Since 2013, Recursion has been generating the industry’s largest fully-relatable dataset of biological images representing human disease biology and pharmaceutical chemistry.

To date, we have generated over 2 petabytes of image data. RxRx1 represents a glimpse into the massive and truly unique dataset that is being generated at Recursion. RxRx1 is approximately 296 GB, consisting of 125,510 total images representing 1,108 classes. This is comparable to datasets such as ImageNet (ILSVRC2012) which is approximately 155 GB and 1.2m images with 1000 classes and other biological datasets such as BBBC017 (among others) from the Broad Institute of MIT which is about 56 GB, 64,512 total images, representing 4,903 classes.

10+

Finding new drugs can take over 10 years and cost hundreds of millions of dollars.
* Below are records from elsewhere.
lemma logistic_gain_weights_tendsto_zero:
  fixes Q h :: "nat \<Rightarrow> real" and a c \<epsilon> :: real
  assumes "0 < c" "0 < \<epsilon>" "0 < Q 0" "\<And>n. Q n \<le> a - \<epsilon>" "\<And>n. 0 \<le> h n"
    and gain: "\<And>n. Q n + Q n * (a - Q n) * h n / c \<le> Q (Suc n)"
  shows "h \<longlonglongrightarrow> 0"
proof -
  have Q_ge: "Q 0 \<le> Q n" for n
  proof (induction n)
    case (Suc n)
    have "0 \<le> Q n * (a - Q n) * h n / c"
      using Suc assms(1-3) assms(4,5)[of n] by simp
    then show ?case using Suc gain[of n] by linarith
  qed simp
  define k where "k = Q 0 * \<epsilon> / c"
  have "0 < k" using assms(1-3) by (simp add: k_def)
  have "k * h n \<le> Q (Suc n) - Q n" for n
  proof -
    have "Q 0 * \<epsilon> \<le> Q n * (a - Q n)"
      using Q_ge[of n] assms(2,3) assms(4)[of n] by (intro mult_mono) auto
    then have "k * h n \<le> Q n * (a - Q n) * h n / c"
      using assms(1,5) by (simp add: k_def divide_right_mono mult_right_mono)
    then show ?thesis using gain[of n] by linarith
  qed
  then have "summable (\<lambda>n. k * h n)"
    using \<open>0 < k\<close> assms(4,5)
    by (intro summable_dominated_by_increments[where Q = Q and B = "a - \<epsilon>"]) auto
  then show ?thesis using \<open>0 < k\<close> by (simp add: summable_LIMSEQ_zero)
qed

lemma logistic_orbit_escapes:
  fixes g :: "nat \<Rightarrow> real"
  assumes "0 < g 0" "\<And>n. g n * (2 - g n) \<le> g (Suc n)"
  shows "\<exists>n. 1/6 \<le> g n"
proof (rule ccontr)
  assume "\<not> ?thesis"
  then have small: "g n < 1/6" for n by (simp add: not_le)
  have growth: "(3/2)^n * g 0 \<le> g n" for n
  proof (induction n)
    case (Suc n)
    have "0 \<le> (3/2)^n * g 0" using assms(1) by simp
    then have "0 \<le> g n" using Suc by linarith
    then have "g n * (3/2) \<le> g n * (2 - g n)" using small[of n] by (intro mult_left_mono) auto
    then show ?case using Suc assms(2)[of n] by simp
  qed simp
  obtain n where "1 / (6 * g 0) < (3/2)^n" using real_arch_pow[of "3/2 :: real"] by auto
  then have "1/6 < (3/2)^n * g 0" using assms(1) by (simp add: field_simps)
  then show False using growth[of n] small[of n] by simp
qed
(* Let $(g;\Gamma)$ be a solution of the $(1,2)$-AlgDOP problem over $\mathbb{C}$ which cannot be reduced to a solution of the $(1,1)$-AlgDOP problem by a $(1,2)$-admissible change of variables, and suppose $\Gamma=y(y-p_1(x))(y-p_2(x))$ for polynomials $p_1,p_2$. Then the polynomial $p_1p_2$ has at most two distinct complex roots.
   Context: For positive reals $\mathbf w=(w_1,\dots,w_d)$, $\deg_{\mathbf w}(\sum_k a_kx^k)=\max_{a_k\ne0}\sum_i w_ik_i$, and $\mathcal P_{\mathbf w}(n;\mathbb K)$ denotes polynomials over $\mathbb K$ of $\mathbf w$-degree $\le n$. A solution of the $\mathbf w$-AlgDOP problem over $\mathbb K$ is a pair $(g,\Gamma)$, $g=(g^{ij})$ a symmetric matrix of polynomials, $\Gamma$ a polynomial, with (A1) $g^{ij}\in\mathcal P_{\mathbf w}(w_i+w_j;\mathbb K)$; (A2) $\det g\not\equiv0$ and $\Gamma$ is a square-free factor of $\det g$; (A3) $\Gamma$ divides $\sum_j g^{ij}\partial_j\Gamma$ for each $i$. In dimension 2: variables $(x,y)$, $\mathbf w=(1,w)$. A $(1,2)$-admissible change of variables is $\Phi:(x,y)\mapsto(\alpha x+\beta,\gamma y+p(x))$ with $\alpha\gamma\ne0$, $\deg p\le2$; it maps $(g,\Gamma)$ to $(\Phi_*g,\Gamma\circ\Phi^{-1})$, $\Phi_*g$ the pushforward as a contravariant 2-tensor. *)

theory Defs
  imports Complex_Main "HOL-Computational_Algebra.Polynomial" "HOL-Computational_Algebra.Squarefree"
begin

text \<open>Bivariate polynomials in (x,y) over the complex numbers are represented as
  polynomials in the outer variable y whose coefficients are polynomials in x:
  f = sum_j (coeff f j)(x) * y^j.\<close>

type_synonym bpoly = "complex poly poly"

definition Dx :: "bpoly \<Rightarrow> bpoly" where
  "Dx f = map_poly pderiv f"

definition Dy :: "bpoly \<Rightarrow> bpoly" where
  "Dy f = pderiv f"

definition in_Pw :: "nat \<Rightarrow> nat \<Rightarrow> bpoly \<Rightarrow> bool" where
  "in_Pw w n f \<longleftrightarrow>
     (\<forall>i j. coeff (coeff f j) i \<noteq> 0 \<longrightarrow> i + w * j \<le> n)"

text \<open>Solution of the (1,w)-AlgDOP problem over C. The symmetric matrix g is given
  by its entries g^{11} = a, g^{12} = g^{21} = b, g^{22} = c.\<close>

definition algdop :: "nat \<Rightarrow> bpoly \<Rightarrow> bpoly \<Rightarrow> bpoly \<Rightarrow> bpoly \<Rightarrow> bool" where
  "algdop w a b c \<Gamma> \<longleftrightarrow>
     in_Pw w 2 a \<and> in_Pw w (1 + w) b \<and> in_Pw w (2 * w) c \<and>
     a * c - b * b \<noteq> 0 \<and> squarefree \<Gamma> \<and> \<Gamma> dvd (a * c - b * b) \<and>
     \<Gamma> dvd (a * Dx \<Gamma> + b * Dy \<Gamma>) \<and> \<Gamma> dvd (b * Dx \<Gamma> + c * Dy \<Gamma>)"

text \<open>Composition f(A(x), B(x,y)) with A univariate in x and B bivariate.\<close>

definition bcomp :: "bpoly \<Rightarrow> complex poly \<Rightarrow> bpoly \<Rightarrow> bpoly" where
  "bcomp f A B = pcompose (map_poly (\<lambda>q. pcompose q A) f) B"

text \<open>The inverse of Phi(x,y) = (alpha x + beta, gamma y + p(x)) is
  (u,v) |-> ((u - beta)/alpha, (v - p((u - beta)/alpha))/gamma).\<close>

definition inv_x :: "complex \<Rightarrow> complex \<Rightarrow> complex poly" where
  "inv_x \<alpha> \<beta> = [:- \<beta> / \<alpha>, 1 / \<alpha>:]"

definition inv_y :: "complex \<Rightarrow> complex \<Rightarrow> complex \<Rightarrow> complex poly \<Rightarrow> bpoly" where
  "inv_y \<alpha> \<beta> \<gamma> p = [: smult (- 1 / \<gamma>) (pcompose p (inv_x \<alpha> \<beta>)), [: 1 / \<gamma> :] :]"

definition comp_inv :: "complex \<Rightarrow> complex \<Rightarrow> complex \<Rightarrow> complex poly \<Rightarrow> bpoly \<Rightarrow> bpoly" where
  "comp_inv \<alpha> \<beta> \<gamma> p f = bcomp f (inv_x \<alpha> \<beta>) (inv_y \<alpha> \<beta> \<gamma> p)"

definition admissible12 :: "complex \<Rightarrow> complex \<Rightarrow> complex \<Rightarrow> complex poly \<Rightarrow> bool" where
  "admissible12 \<alpha> \<beta> \<gamma> p \<longleftrightarrow> \<alpha> * \<gamma> \<noteq> 0 \<and> degree p \<le> 2"

text \<open>Pushforward of the contravariant 2-tensor g under Phi: with Jacobian
  J = [[alpha, 0], [p'(x), gamma]], Phi_* g = (J g J^T) o Phi^{-1}.\<close>

definition push_a :: "complex \<Rightarrow> complex \<Rightarrow> complex \<Rightarrow> complex poly \<Rightarrow> bpoly \<Rightarrow> bpoly \<Rightarrow> bpoly \<Rightarrow> bpoly" where
  "push_a \<alpha> \<beta> \<gamma> p a b c = comp_inv \<alpha> \<beta> \<gamma> p (smult [:\<alpha>^2:] a)"

definition push_b :: "complex \<Rightarrow> complex \<Rightarrow> complex \<Rightarrow> complex poly \<Rightarrow> bpoly \<Rightarrow> bpoly \<Rightarrow> bpoly \<Rightarrow> bpoly" where
  "push_b \<alpha> \<beta> \<gamma> p a b c =
     comp_inv \<alpha> \<beta> \<gamma> p (smult [:\<alpha>:] ([:pderiv p:] * a + smult [:\<gamma>:] b))"

definition push_c :: "complex \<Rightarrow> complex \<Rightarrow> complex \<Rightarrow> complex poly \<Rightarrow> bpoly \<Rightarrow> bpoly \<Rightarrow> bpoly \<Rightarrow> bpoly" where
  "push_c \<alpha> \<beta> \<gamma> p a b c =
     comp_inv \<alpha> \<beta> \<gamma> p ([:pderiv p:]^2 * a + smult [:2 * \<gamma>:] ([:pderiv p:] * b)
                        + smult [:\<gamma>^2:] c)"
Artificial Intelligence has the potential to dramatically reframe the challenge of understanding how drugs interact with human cells. Recursion is reinventing drug discovery and development using machine learning and rich biological datasets generated in-house, built for-purpose for machine learning algorithms. RxRx1 is a curated sample of this data that represents less than 1% of Recursion’s current weekly data generation.

One of the great promises of machine learning image classification is extending vision models to perform tasks that are not possible for humans to do.

RxRx1 presents such a task. Figure 1 demonstrates the complexity of identifying relevant biological variation and separating it from technical noise caused by batch effects. Even when experiments are designed to control for technical variables such as temperature, humidity, and reagent concentration, batch effects unavoidably enter into the data, resulting in images that contain factors of variation due to either biologically relevant variables or irrelevant technical variables. Batch effects threaten to confound any set of experiments across the entire field of biology. Machine disentanglement of batch effects from relevant biological variables would be applicable across the field and could have broad impacts on accelerating drug discovery and development.

Figure 1: Images of two different genetic conditions (rows) in HUVEC cells across four experimental batches (columns). Notice the visual similarities of images from the same batch.

THE BIOLOGY

The 6-channel fluorescent microscopy images that comprise the RxRx1 dataset illuminate different organelles of the cell - the nucleus, endoplasmic reticulum, actin cytoskeleton, nucleolus, mitochondria, and golgi apparatus.

The experiment uses a modified Cell Painting staining protocol (CellPainting, a high-content image-based assay for morphological profiling using multiplexed fluorescent dyes, Bray et. al., 2016) which uses 6 different stains to adhere to different parts of the cell. The stains fluoresce at different wavelengths and are therefore captured by different imaging channels; thus there are 6 images per imaging site in a well. Each image captures different morphology of the same segment of the well, like layers of a 3 dimensional structure.

The images in RxRx1 are generated by carrying out biological experiments using reagents known as siRNAs. A small interfering RNA (siRNA) is a biological reagent used to knockdown a particular gene, and every genetic perturbation used in the RxRx1 dataset is carried out via an siRNA. To understand these biological reagents, it’s important to review some key biological concepts.

Primer on the Central Dogma

Recall that each gene in our DNA encodes for a specific protein (sometimes several), and the process by which proteins are created involves transcription (reading the DNA to create complementary mRNA) and translation (reading the mRNA to link amino acids together to create a protein). These chains of amino acids are folded and further modified to yield functional proteins. This notion of information flowing from DNA to mRNA to proteins is called the central dogma of biology.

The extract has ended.